lemma hadamard_transform:
  "fold H_gate [0..<k] g b =
     (\<Sum>c<2^k. dot_sign k b c * g (drop_bit k b * 2^k + c)) / complex_of_real (sqrt 2) ^ k"
proof (induction k arbitrary: b)
  case 0
  then show ?case by (simp add: dot_sign_def)
next
  case (Suc k)
  let ?r = "complex_of_real (sqrt 2)"
  define q where "q = drop_bit (Suc k) b * 2 ^ Suc k"
  define s where "s = (if bit b k then -1 else 1 :: complex)"
  define F where "F t = (\<Sum>c<2^k. dot_sign k b c * g (q + t + c))" for t
  have sign_unset: "dot_sign k (unset_bit k b) c = dot_sign k b c" for c
    by (metis dot_sign_take_bit_left order_refl take_bit_unset_bit_eq)
  have sign_set: "dot_sign k (set_bit k b) c = dot_sign k b c" for c
    by (metis dot_sign_take_bit_left order_refl take_bit_set_bit_eq)
  have low_half: "fold H_gate [0..<k] g (unset_bit k b) = F 0 / ?r ^ k"
    by (simp add: Suc.IH F_def sign_unset drop_bit_unset_bit_same q_def ac_simps)
  have high_half: "fold H_gate [0..<k] g (set_bit k b) = F (2^k) / ?r ^ k"
    by (simp add: Suc.IH F_def sign_set drop_bit_set_bit_same q_def algebra_simps)
  have "fold H_gate [0..<Suc k] g b =
      (fold H_gate [0..<k] g (unset_bit k b) + s * fold H_gate [0..<k] g (set_bit k b)) / ?r"
    by (simp add: H_gate_def s_def)
  also have "\<dots> = (F 0 + s * F (2^k)) / ?r ^ Suc k"
    unfolding low_half high_half by (simp add: field_simps)
  also have "F 0 + s * F (2^k) = (\<Sum>c<2^Suc k. dot_sign (Suc k) b c * g (q + c))"
  proof -
    have low: "dot_sign (Suc k) b c = dot_sign k b c" if "c < 2^k" for c
    proof -
      have "\<not> bit c k"
        using that bit_imp_less_if_less_exp by blast
      then show ?thesis
        by (simp add: dot_sign_Suc)
    qed
    have high: "dot_sign (Suc k) b (2^k + c) = s * dot_sign k b c" if "c < 2^k" for c
    proof -
      have "take_bit k (2^k + c) = c"
        using that by (simp add: take_bit_eq_mod)
      then have "dot_sign k b (2^k + c) = dot_sign k b c"
        by (metis dot_sign_take_bit_right)
      moreover have "bit (2^k + c) k"
        using that by (simp add: bit_iff_odd_drop_bit drop_bit_eq_div div_add_self1 div_less)
      ultimately show ?thesis
        by (simp add: dot_sign_Suc s_def)
    qed
    have "(\<Sum>c<2^k. dot_sign (Suc k) b c * g (q + c)) = F 0"
      unfolding F_def by (rule sum.cong) (simp_all add: low)
    moreover have "(\<Sum>c<2^k. dot_sign (Suc k) b (2^k + c) * g (q + (2^k + c))) = s * F (2^k)"
      unfolding F_def sum_distrib_left by (rule sum.cong) (simp_all add: high add.assoc)
    ultimately show ?thesis
      unfolding power_Suc mult_2 sum_lessThan_add by simp
  qed
  finally show ?case
    by (simp add: q_def)
qed

lemma hadamard_basis_state:
  assumes "y < 2^k"
  shows "fold H_gate [0..<k] (basis_state y) b =
    (if b < 2^k then dot_sign k b y / complex_of_real (sqrt 2) ^ k else 0)"
proof -
  have hit: "drop_bit k b * 2^k + c = y \<longleftrightarrow> b < 2^k \<and> c = y" if "c < 2^k" for c
  proof -
    have "drop_bit k b * 2^k + c = y \<Longrightarrow> drop_bit k b = 0"
      using assms by (cases "drop_bit k b") auto
    then show ?thesis
      by (auto simp: drop_bit_eq_div div_eq_0_iff)
  qed
  have "(\<Sum>c<2^k. dot_sign k b c * basis_state y (drop_bit k b * 2^k + c)) =
      (\<Sum>c<2^k. if b < 2^k \<and> c = y then dot_sign k b y else 0)"
    by (rule sum.cong) (auto simp: basis_state_def hit)
  then show ?thesis
    using assms by (simp add: hadamard_transform)
qed

lemma X_gate_basis_state: "X_gate j (basis_state a) = basis_state (flip_bit j a)"
proof -
  have "flip_bit j b = a \<longleftrightarrow> b = flip_bit j a" for b
    using flip_bit_flip_bit by metis
  then show ?thesis
    by (simp add: X_gate_def basis_state_def)
qed

lemma fold_X_gate_basis_state: "fold X_gate js (basis_state a) = basis_state (fold flip_bit js a)"
  by (induction js arbitrary: a) (simp_all add: X_gate_basis_state)

lemma prepare_basis_state:
  assumes "y < 2^m"
  shows "apply_each X_gate (filter (bit y) [0..<m]) ket0 = basis_state y"
proof -
  have "j < m" if "bit y j" for j
    using assms that by (rule bit_imp_less_if_less_exp)
  then have flips: "fold flip_bit (filter (bit y) [0..<m]) 0 = y"
    by (intro bit_eqI) (auto simp: bit_fold_flip_bit)
  have ket0: "ket0 = basis_state 0"
    by (simp add: ket0_def basis_state_def fun_eq_iff)
  show ?thesis
    by (simp only: apply_each_def ket0 fold_X_gate_basis_state flips)
qed

lemma H_gate_tensor_state:
  "H_gate (j + m) (tensor_state m g h) = tensor_state m (H_gate j g) h"
proof -
  have "drop_bit m (unset_bit (j + m) b) = unset_bit j (drop_bit m b)"
    "drop_bit m (set_bit (j + m) b) = set_bit j (drop_bit m b)"
    "take_bit m (unset_bit (j + m) b) = take_bit m b"
    "take_bit m (set_bit (j + m) b) = take_bit m b" for b :: nat
    by (auto intro!: bit_eqI simp: bit_drop_bit_eq bit_take_bit_iff bit_unset_bit_iff bit_set_bit_iff)
  then show ?thesis
    unfolding H_gate_def tensor_state_def
    by (simp add: bit_drop_bit_eq add_divide_distrib distrib_right mult.assoc add.commute)
qed

lemma fold_H_gate_tensor_state:
  "fold H_gate [m..<m + n] (tensor_state m g h) = tensor_state m (fold H_gate [0..<n] g) h"
proof -
  have "fold H_gate (map (\<lambda>i. i + m) js) (tensor_state m g h) = tensor_state m (fold H_gate js g) h"
    for js
    by (induction js arbitrary: g) (simp_all add: H_gate_tensor_state)
  moreover have "[m..<m + n] = map (\<lambda>i. i + m) [0..<n]"
    by (simp add: map_add_upt add.commute)
  ultimately show ?thesis
    by simp
qed

text \<open>The kickback rests on \<open>(z \<oplus> f x) \<cdot> y = z \<cdot> y + f x \<cdot> y\<close>.\<close>

lemma U_f_phase_kickback:
  assumes range: "\<forall>x<2^n. f x < 2^m"
  shows "U_f n m f (\<lambda>b. if b < 2^(n + m) then c * dot_sign m b y else 0) =
    tensor_state m (\<lambda>x. if x < 2^n then dot_sign m (f x) y else 0) (\<lambda>z. c * dot_sign m z y)"
proof (rule ext)
  fix b :: nat
  define x where "x = drop_bit m b"
  define w where "w = xor (take_bit m b) (f x)"
  show "U_f n m f (\<lambda>b. if b < 2^(n + m) then c * dot_sign m b y else 0) b =
    tensor_state m (\<lambda>x. if x < 2^n then dot_sign m (f x) y else 0) (\<lambda>z. c * dot_sign m z y) b"
  proof (cases "b < 2^(n + m)")
    case True
    then have x_less: "x < 2^n"
      by (simp add: x_def drop_bit_less_exp_iff)
    have "take_bit m (f x) = f x"
      using range x_less by (simp add: take_bit_nat_eq_self_iff)
    then have w_eq: "w = take_bit m (xor b (f x))"
      unfolding w_def by (metis take_bit_xor)
    have w_less: "w < 2^m"
      unfolding w_eq by (rule take_bit_nat_less_exp)
    have "x * 2^m + w < 2^(n + m)"
    proof -
      have "x * 2^m + w < (x + 1) * 2^m"
        using w_less by simp
      also have "\<dots> \<le> 2^n * 2^m"
        using x_less by (intro mult_right_mono) simp_all
      finally show ?thesis
        by (simp add: power_add)
    qed
    moreover have "dot_sign m (x * 2^m + w) y = dot_sign m b y * dot_sign m (f x) y"
    proof -
      have "take_bit m (x * 2^m + w) = w"
        using w_less by (simp add: take_bit_eq_mod)
      then show ?thesis
        by (metis dot_sign_take_bit_left dot_sign_xor_left w_def)
    qed
    ultimately show ?thesis
      using True x_less by (simp add: U_f_def tensor_state_def x_def w_def)
  next
    case False
    then show ?thesis
      by (simp add: U_f_def tensor_state_def drop_bit_less_exp_iff)
  qed
qed

lemma GPK_state_eq:
  assumes range: "\<forall>x<2^n. f x < 2^m" and y_less: "y < 2^m"
  shows "GPK_state n m f y =
    tensor_state m (fold H_gate [0..<n] (\<lambda>x. if x < 2^n then dot_sign m (f x) y else 0))
      (\<lambda>z. dot_sign m z y / complex_of_real (sqrt 2) ^ (n + m))"
proof -
  let ?c = "1 / complex_of_real (sqrt 2) ^ (n + m)"
  have "(2::nat)^m \<le> 2^(n + m)"
    by (rule power_increasing) simp_all
  with y_less have "y < 2^(n + m)"
    by (rule order_less_le_trans)
  then have "fold H_gate [0..<n + m] (basis_state y) =
      (\<lambda>b. if b < 2^(n + m) then ?c * dot_sign m b y else 0)"
    using y_less by (simp add: hadamard_basis_state dot_sign_eq_if_less fun_eq_iff)
  then show ?thesis
    unfolding GPK_state_def Let_def prepare_basis_state[OF y_less]
    by (simp add: apply_each_def U_f_phase_kickback[OF range] fold_H_gate_tensor_state)
qed

lemma GPK_prob_eq:
  assumes range: "\<forall>x<2^n. f x < 2^m" and y_less: "y < 2^m" and d_less: "d < 2^n"
  shows "GPK_prob n m f y d = (cmod (\<Sum>x<2^n. dot_sign n d x * dot_sign m (f x) y))^2 / 4^n"
proof -
  let ?S = "cmod (\<Sum>x<2^n. dot_sign n d x * dot_sign m (f x) y)"
  let ?g = "\<lambda>x. if x < 2^n then dot_sign m (f x) y else 0"
  have "fold H_gate [0..<n] ?g d =
      (\<Sum>x<2^n. dot_sign n d x * dot_sign m (f x) y) / complex_of_real (sqrt 2) ^ n"
  proof -
    have d0: "drop_bit n d = 0"
      using d_less by (simp add: drop_bit_eq_div)
    have "(\<Sum>x<2^n. dot_sign n d x * ?g (0 * 2^n + x)) =
        (\<Sum>x<2^n. dot_sign n d x * dot_sign m (f x) y)"
      by (rule sum.cong) simp_all
    then show ?thesis
      unfolding hadamard_transform d0 by simp
  qed
  moreover have "GPK_state n m f y (d * 2^m + z) =
      fold H_gate [0..<n] ?g d * (dot_sign m z y / complex_of_real (sqrt 2) ^ (n + m))"
    if "z < 2^m" for z
  proof -
    have "drop_bit m (d * 2^m + z) = d" "take_bit m (d * 2^m + z) = z"
      using that by (simp_all add: drop_bit_eq_div take_bit_eq_mod)
    then show ?thesis
      by (simp only: GPK_state_eq[OF range y_less] tensor_state_def)
  qed
  ultimately have amplitude: "cmod (GPK_state n m f y (d * 2^m + z)) = ?S / sqrt 2 ^ n / sqrt 2 ^ (n + m)"
    if "z < 2^m" for z
    using that by (simp add: norm_mult norm_divide norm_power)
  have sqrt2_power_sq: "(sqrt 2 ^ k)^2 = (2::real)^k" for k
    by (simp add: power_even_eq[symmetric] power_mult)
  have "GPK_prob n m f y d = (\<Sum>z<(2::nat)^m. ?S^2 / 2^n / 2^(n + m))"
    unfolding GPK_prob_def
    by (rule sum.cong) (simp_all add: amplitude power_divide power_mult_distrib sqrt2_power_sq)
  also have "\<dots> = ?S^2 / 4^n"
    by (simp add: power_add field_simps flip: power_mult_distrib)
  finally show ?thesis .
qed

lemma GPK_prob_unit_vec:
  assumes range: "\<forall>x<2^n. f x < 2^m" and "i < m"
  shows "GPK_prob n m f (unit_vec i) 0 =
    (cmod (\<Sum>x<2^n. if bit (f x) i then -1 else 1))^2 / 4^n"
proof -
  have "unit_vec i < 2^m"
    using \<open>i < m\<close> by (simp add: unit_vec_def)
  then show ?thesis
    using assms by (simp add: GPK_prob_eq unit_vec_def dot_sign_exp_right)
qed

lemma balanced_fiber_card:
  assumes "is_balanced n f" and "c \<in> f ` {..<2^n}"
  shows "2 * card {x. x < 2^n \<and> f x = c} = 2^n"
proof -
  obtain a b where "f ` {..<2^n} = {a, b}"
    and "2 * card {x. x < 2^n \<and> f x = a} = 2^n" "2 * card {x. x < 2^n \<and> f x = b} = 2^n"
    using assms(1) unfolding is_balanced_def by blast
  with assms(2) show ?thesis
    by auto
qed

- - - -

• _Task details_: The lines you need are those with the word "filter"; list them from the entries.

• _Task response_:
  shows "apply_each X_gate (filter (bit y) [0..<m]) ket0 = basis_state y"
  then have flips: "fold flip_bit (filter (bit y) [0..<m]) 0 = y"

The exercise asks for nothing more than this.